I have signed in a website using R 3.5.2, and this seems to be gone well both using rvest_0.3.4 and httr_1.4.0, but then I get stuck into a redirecting page which, on the browser (Chrome), is visualized only for a few secs after I hit the button "Login!".
The problematic step seems to be a form method="post" input type="hidden"
which I don't manage to submit from R.
signin <- "https://www.cdp.net/en/users/sign_in"
library(rvest)
user.email <- "my_email"
user.password <- "my_password"
signin.session <- html_session(signin)
signin.form <- html_form(signin.session)[[1]]
filled.signin <- set_values(signin.form,
`user[email]` = user.email,
`user[password]` = user.password)
signed.in <- submit_form(signin.session, filled.signin)

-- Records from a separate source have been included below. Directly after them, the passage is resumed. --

(* Let $p\in(0,1)$, $d\ge2$ an integer, and $\psi(v)=-\frac{p}{d-p}\ln(v)-\ln(1+pv)$, so that $\mathrm{Re}\,\psi(v)=-\frac{p}{d-p}\ln|v|-\ln|1+pv|$. For each $v$ write the $d$ roots (with multiplicity) of $u(1+u)^{d-1}=v(1+v)^{d-1}$ as $v,u_1(v),\dots,u_{d-1}(v)$, where $u_1$ is the non-trivial solution with $u_1(-1/d)=-1/d$ and $u_2(v),\dots,u_{d-1}(v)$ are the other non-trivial solutions. Then there exists a path $\Gamma_0$ encircling the origin and passing through $v=-1/d$ such that $$\mathrm{Re}\,\psi(v)-\mathrm{Re}\,\psi(u_i(v))<0$$ for all $v\in\Gamma_0$ and $i=1,\dots,d-1$, except for the solution $u_1(v)$ at the point $v=-1/d$. *)

theory Defs
  imports "HOL-Complex_Analysis.Complex_Analysis" "HOL-Computational_Algebra.Fundamental_Theorem_Algebra"
    "HOL-Library.Extended_Real"
begin

definition eln :: "real \<Rightarrow> ereal" where
  "eln x = (if x = 0 then -\<infinity> else ereal (ln x))"

text \<open>Real part of psi(v) = -(p/(d-p)) Ln v - Ln (1 + p v), as an extended real
  (value +infinity at v = 0 and at v = -1/p).\<close>
definition RePsi :: "real \<Rightarrow> nat \<Rightarrow> complex \<Rightarrow> ereal" where
  "RePsi p d v = - (ereal (p / (real d - p)) * eln (cmod v)) - eln (cmod (1 + of_real p * v))"

definition Fpoly :: "nat \<Rightarrow> complex \<Rightarrow> complex poly" where
  "Fpoly d v = [:0, 1:] * [:1, 1:] ^ (d - 1) - [: v * (1 + v) ^ (d - 1) :]"

definition nontriv_roots :: "nat \<Rightarrow> complex \<Rightarrow> complex multiset" where
  "nontriv_roots d v = proots (Fpoly d v) - {# v #}"

end

theory Submission
  imports Defs
begin
(* Let $(A,\to,1)$ be an algebra of type $(2,0)$ satisfying (Re), (M), (B) and (An). Then $(A,\to,1)$ satisfies (Ex) if and only if it satisfies (BB).
   Context: Properties, required for all $x,y,z\in A$: (Re) $x\to x=1$; (M) $1\to x=x$; (B) $(y\to z)\to((x\to y)\to(x\to z))=1$; (An) $x\to y=1$ and $y\to x=1$ imply $x=y$; (Ex) $x\to(y\to z)=y\to(x\to z)$; (BB) $(y\to z)\to((z\to x)\to(y\to x))=1$. *)

theory Defs
  imports Main
begin

text \<open>An algebra (A, imp, one) of type (2,0); the carrier A is the whole type 'a.\<close>

definition prop_Re :: "('a \<Rightarrow> 'a \<Rightarrow> 'a) \<Rightarrow> 'a \<Rightarrow> bool" where
  "prop_Re imp one \<longleftrightarrow> (\<forall>x. imp x x = one)"

definition prop_M :: "('a \<Rightarrow> 'a \<Rightarrow> 'a) \<Rightarrow> 'a \<Rightarrow> bool" where
  "prop_M imp one \<longleftrightarrow> (\<forall>x. imp one x = x)"

definition prop_B :: "('a \<Rightarrow> 'a \<Rightarrow> 'a) \<Rightarrow> 'a \<Rightarrow> bool" where
  "prop_B imp one \<longleftrightarrow> (\<forall>x y z. imp (imp y z) (imp (imp x y) (imp x z)) = one)"

definition prop_An :: "('a \<Rightarrow> 'a \<Rightarrow> 'a) \<Rightarrow> 'a \<Rightarrow> bool" where
  "prop_An imp one \<longleftrightarrow> (\<forall>x y. imp x y = one \<and> imp y x = one \<longrightarrow> x = y)"

definition prop_Ex :: "('a \<Rightarrow> 'a \<Rightarrow> 'a) \<Rightarrow> bool" where
  "prop_Ex imp \<longleftrightarrow> (\<forall>x y z. imp x (imp y z) = imp y (imp x z))"

definition prop_BB :: "('a \<Rightarrow> 'a \<Rightarrow> 'a) \<Rightarrow> 'a \<Rightarrow> bool" where
  "prop_BB imp one \<longleftrightarrow> (\<forall>x y z. imp (imp y z) (imp (imp z x) (imp y x)) = one)"

end

theory Submission
  imports Defs
begin

text \<open>With (Ex), (BB) is just (B) with its two antecedents exchanged. Conversely, writing
  \<open>x \<le> y\<close> for \<open>x \<rightarrow> y = 1\<close>, (B) and (M) make \<open>\<le>\<close> transitive, (BB) and (M) make
  \<open>\<rightarrow>\<close> antitone in its first argument and give \<open>z \<le> (z \<rightarrow> x) \<rightarrow> x\<close>; chaining
  \<open>x \<rightarrow> (y \<rightarrow> z) \<le> ((y \<rightarrow> z) \<rightarrow> z) \<rightarrow> (x \<rightarrow> z) \<le> y \<rightarrow> (x \<rightarrow> z)\<close> and using (An)
  on both instances yields (Ex).\<close>

lemma prop_BB_if_prop_Ex:
  assumes "prop_Ex imp" and "prop_B imp one"
  shows "prop_BB imp one"
  using assms unfolding prop_Ex_def prop_B_def prop_BB_def by metis

lemma imp_one_trans:
  assumes "prop_M imp one" and "prop_B imp one"
    and "imp a b = one" and "imp b c = one"
  shows "imp a c = one"
proof -
  have "imp (imp b c) (imp (imp a b) (imp a c)) = one"
    using assms(2) unfolding prop_B_def by blast
  then show ?thesis
    using assms(1,3,4) unfolding prop_M_def by simp
qed

lemma imp_one_antitone:
  assumes "prop_M imp one" and "prop_BB imp one" and "imp a b = one"
  shows "imp (imp b w) (imp a w) = one"
proof -
  have "imp (imp a b) (imp (imp b w) (imp a w)) = one"
    using assms(2) unfolding prop_BB_def by blast
  then show ?thesis
    using assms(1,3) unfolding prop_M_def by simp
qed

lemma imp_one_modus_ponens:
  assumes "prop_M imp one" and "prop_BB imp one"
  shows "imp z (imp (imp z x) x) = one"
proof -
  have "imp (imp one z) (imp (imp z x) (imp one x)) = one"
    using assms(2) unfolding prop_BB_def by blast
  then show ?thesis
    using assms(1) unfolding prop_M_def by simp
qed

lemma imp_one_exchange:
  assumes M: "prop_M imp one" and B: "prop_B imp one" and BB: "prop_BB imp one"
  shows "imp (imp x (imp y z)) (imp y (imp x z)) = one"
proof -
  have "imp (imp x (imp y z)) (imp (imp (imp y z) z) (imp x z)) = one"
    using BB unfolding prop_BB_def by blast
  moreover have "imp (imp (imp (imp y z) z) (imp x z)) (imp y (imp x z)) = one"
    using imp_one_antitone[OF M BB imp_one_modus_ponens[OF M BB]] .
  ultimately show ?thesis
    using imp_one_trans[OF M B] by blast
qed

lemma prop_Ex_if_prop_BB:
  assumes M: "prop_M imp one" and B: "prop_B imp one" and An: "prop_An imp one"
    and BB: "prop_BB imp one"
  shows "prop_Ex imp"
  using An imp_one_exchange[OF M B BB] unfolding prop_An_def prop_Ex_def by blast

theorem theorem2p4:
  fixes imp :: "'a \<Rightarrow> 'a \<Rightarrow> 'a" and one :: 'a
  assumes "prop_Re imp one" and "prop_M imp one" and "prop_B imp one" and "prop_An imp one"
  shows "prop_Ex imp \<longleftrightarrow> prop_BB imp one"
  using prop_BB_if_prop_Ex[OF _ assms(3)] prop_Ex_if_prop_BB[OF assms(2-4)] by blast

end
lemma d_one [simp]: "d \<one>\<^bsub>G1\<^esub> = \<one>\<^bsub>G0\<^esub>"
  using group_hom.hom_one[OF d_group_hom] .

lemma d_inv: "a \<in> carrier G1 \<Longrightarrow> d (inv\<^bsub>G1\<^esub> a) = inv\<^bsub>G0\<^esub> (d a)"
  using group_hom.hom_inv[OF d_group_hom] by blast

abbreviation Ker_d :: "'a set" where "Ker_d \<equiv> kernel G1 G0 d"
abbreviation Im_d :: "'b set" where "Im_d \<equiv> d ` carrier G1"

lemma Ker_d_iff: "k \<in> Ker_d \<longleftrightarrow> k \<in> carrier G1 \<and> d k = \<one>\<^bsub>G0\<^esub>"
  by (simp add: kernel_def)

lemma Ker_d_closed [simp]: "k \<in> Ker_d \<Longrightarrow> k \<in> carrier G1"
  by (simp add: kernel_def)

lemma Ker_d_central:
  assumes k: "k \<in> Ker_d" and a: "a \<in> carrier G1"
  shows "a \<otimes>\<^bsub>G1\<^esub> k = k \<otimes>\<^bsub>G1\<^esub> a"
proof -
  have "a = k \<otimes>\<^bsub>G1\<^esub> a \<otimes>\<^bsub>G1\<^esub> inv\<^bsub>G1\<^esub> k"
    using act_d[OF a, of k] k a by (simp add: Ker_d_iff act_one_left)
  then show ?thesis using k a by (metis G1.inv_solve_right G1.m_closed Ker_d_closed)
qed

lemma act_Ker_d: "x \<in> carrier G0 \<Longrightarrow> k \<in> Ker_d \<Longrightarrow> act x k \<in> Ker_d"
  by (simp add: Ker_d_iff d_act)

lemma act_d_Ker_d: "a \<in> carrier G1 \<Longrightarrow> k \<in> Ker_d \<Longrightarrow> act (d a) k = k"
  using act_d[of k a] Ker_d_central[of k a] by (simp add: G1.m_assoc)

lemma Im_d_normal: "Im_d \<lhd> G0"
proof -
  have "subgroup Im_d G0" using group_hom.img_is_subgroup[OF d_group_hom] .
  moreover have "x \<otimes>\<^bsub>G0\<^esub> h \<otimes>\<^bsub>G0\<^esub> inv\<^bsub>G0\<^esub> x \<in> Im_d"
    if "x \<in> carrier G0" "h \<in> Im_d" for x h
    using that d_act by (metis act_closed imageE imageI)
  ultimately show ?thesis by (simp add: G0.normal_inv_iff)
qed

lemma Im_d_subgroup: "subgroup Im_d G0"
  using Im_d_normal normal_imp_subgroup by blast

lemma rcos_d: "a \<in> carrier G1 \<Longrightarrow> Im_d #>\<^bsub>G0\<^esub> d a = Im_d"
  using G0.coset_join2[OF _ Im_d_subgroup] by simp

abbreviation Pi0 :: "'b set monoid" where "Pi0 \<equiv> pi0 G1 G0 d"

lemma carrier_Pi0: "carrier Pi0 = (\<lambda>t. Im_d #>\<^bsub>G0\<^esub> t) ` carrier G0"
  by (simp add: pi0_def carrier_FactGroup)

lemma rcos_in_Pi0 [simp]: "t \<in> carrier G0 \<Longrightarrow> Im_d #>\<^bsub>G0\<^esub> t \<in> carrier Pi0"
  by (simp add: carrier_Pi0)

lemma Pi0_mult_rcos: "s \<in> carrier G0 \<Longrightarrow> t \<in> carrier G0 \<Longrightarrow>
    (Im_d #>\<^bsub>G0\<^esub> s) \<otimes>\<^bsub>Pi0\<^esub> (Im_d #>\<^bsub>G0\<^esub> t) = Im_d #>\<^bsub>G0\<^esub> (s \<otimes>\<^bsub>G0\<^esub> t)"
  by (simp add: pi0_def normal.rcos_sum[OF Im_d_normal])

lemma pi0_act_rcos:
  assumes s: "s \<in> carrier G0" and k: "k \<in> Ker_d"
  shows "pi0_act act (Im_d #>\<^bsub>G0\<^esub> s) k = act s k"
proof -
  obtain h where h: "h \<in> Im_d" "(SOME y. y \<in> Im_d #>\<^bsub>G0\<^esub> s) = h \<otimes>\<^bsub>G0\<^esub> s"
    using G0.some_rcos_rep[OF Im_d_subgroup s] .
  then show ?thesis
    using s k by (auto simp: pi0_act_def act_act act_d_Ker_d act_Ker_d)
qed

abbreviation D :: "('b set \<Rightarrow> 'a) monoid" where "D \<equiv> Der G1 G0 d act"

lemma carrier_Der_iff: "\<phi> \<in> carrier D \<longleftrightarrow>
    \<phi> \<in> carrier Pi0 \<rightarrow> Ker_d \<and> \<phi> \<in> extensional (carrier Pi0) \<and>
    (\<forall>s\<in>carrier G0. \<forall>t\<in>carrier G0. \<phi> (Im_d #>\<^bsub>G0\<^esub> (s \<otimes>\<^bsub>G0\<^esub> t)) =
       \<phi> (Im_d #>\<^bsub>G0\<^esub> s) \<otimes>\<^bsub>G1\<^esub> act s (\<phi> (Im_d #>\<^bsub>G0\<^esub> t)))"
proof -
  have "(\<forall>p\<in>carrier Pi0. \<forall>q\<in>carrier Pi0.
           \<phi> (p \<otimes>\<^bsub>Pi0\<^esub> q) = \<phi> p \<otimes>\<^bsub>G1\<^esub> pi0_act act p (\<phi> q)) \<longleftrightarrow>
        (\<forall>s\<in>carrier G0. \<forall>t\<in>carrier G0. \<phi> (Im_d #>\<^bsub>G0\<^esub> (s \<otimes>\<^bsub>G0\<^esub> t)) =
           \<phi> (Im_d #>\<^bsub>G0\<^esub> s) \<otimes>\<^bsub>G1\<^esub> act s (\<phi> (Im_d #>\<^bsub>G0\<^esub> t)))"
    if "\<phi> \<in> carrier Pi0 \<rightarrow> Ker_d"
  proof -
    have "\<phi> (Im_d #>\<^bsub>G0\<^esub> t) \<in> Ker_d" if "t \<in> carrier G0" for t
      using \<open>\<phi> \<in> carrier Pi0 \<rightarrow> Ker_d\<close> that by auto
    then show ?thesis by (auto simp: carrier_Pi0 Pi0_mult_rcos pi0_act_rcos)
  qed
  then show ?thesis by (auto simp: Der_def pi1_def)
qed

lemma Der_in_Ker_d: "\<phi> \<in> carrier D \<Longrightarrow> t \<in> carrier G0 \<Longrightarrow> \<phi> (Im_d #>\<^bsub>G0\<^esub> t) \<in> Ker_d"
  by (auto simp: carrier_Der_iff)

lemma Der_extensional: "\<phi> \<in> carrier D \<Longrightarrow> \<phi> \<in> extensional (carrier Pi0)"
  by (simp add: carrier_Der_iff)

lemma Der_cocycle: "\<phi> \<in> carrier D \<Longrightarrow> s \<in> carrier G0 \<Longrightarrow> t \<in> carrier G0 \<Longrightarrow>
    \<phi> (Im_d #>\<^bsub>G0\<^esub> (s \<otimes>\<^bsub>G0\<^esub> t)) = \<phi> (Im_d #>\<^bsub>G0\<^esub> s) \<otimes>\<^bsub>G1\<^esub> act s (\<phi> (Im_d #>\<^bsub>G0\<^esub> t))"
  by (simp add: carrier_Der_iff)

lemma Der_rcos_d:
  assumes \<phi>: "\<phi> \<in> carrier D" and a: "a \<in> carrier G1"
  shows "\<phi> (Im_d #>\<^bsub>G0\<^esub> d a) = \<one>\<^bsub>G1\<^esub>"
proof -
  have "\<phi> (Im_d #>\<^bsub>G0\<^esub> \<one>\<^bsub>G0\<^esub>) = \<one>\<^bsub>G1\<^esub>"
    using Der_cocycle[OF \<phi>, of "\<one>\<^bsub>G0\<^esub>" "\<one>\<^bsub>G0\<^esub>"] Der_in_Ker_d[OF \<phi>, of "\<one>\<^bsub>G0\<^esub>"]
    by (simp add: act_one_left)
  moreover have "Im_d #>\<^bsub>G0\<^esub> d a = Im_d #>\<^bsub>G0\<^esub> \<one>\<^bsub>G0\<^esub>"
    using rcos_d[OF a] rcos_d[OF G1.one_closed] by simp
  ultimately show ?thesis by simp
qed

abbreviation Z :: "('b \<times> ('b \<Rightarrow> 'a)) monoid" where "Z \<equiv> Z0 G1 G0 d act"

lemma Z0_mult: "(x, \<xi>) \<otimes>\<^bsub>Z\<^esub> (y, \<eta>) = (x \<otimes>\<^bsub>G0\<^esub> y, \<lambda>t\<in>carrier G0. act x (\<eta> t) \<otimes>\<^bsub>G1\<^esub> \<xi> t)"
  by (simp add: Z0_def)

read_html(signed.in) %>% html_node("form")
library(httr)
login <- list(
`user[email]` = "my_email",
`user[password]` = "my_password",
submit = "Login!")
signed.in.post <- POST(signin, body = login, encode = "form", verbose())
http_status(signed.in.post)
content(signed.in.post, as = "parsed")
read_html(signed.in.post$url) %>% html_node("form")
My goal is to access my account and browse the website, but I don't know how to go through the redirecting page from R.
SOLVED!
It was a quite easy and intuitive solution, I just needed to submit the form method="post" input type="hidden"
of the redirecting page, i.e. the one encountered in the signed.in
session.
I solved it with rvest
but I think that httr
would be equally easy, here comes the code I used:
library(rvest)
signin.session <- html_session(signin)
signin.form <- html_form(signin.session)[[1]]
filled.signin <- set_values(signin.form,
`user[email]` = user.email,
`user[password]` = user.password)
signed.in <- submit_form(signin.session, filled.signin)
redirect.form <- html_form(signed.in)[[1]]
redirected <- submit_form(signed.in, redirect.form)
This last object redirected
is a session-class object
, basically the page which can be normally browsed after signing in the website.
In case someone has a shorter, more effective, more elegant/sexy/charming solution to proceed...please don't hesitate to share it.
I'm an absolute beginner of web-scraping, and I am keen to learn more about these operations!
THX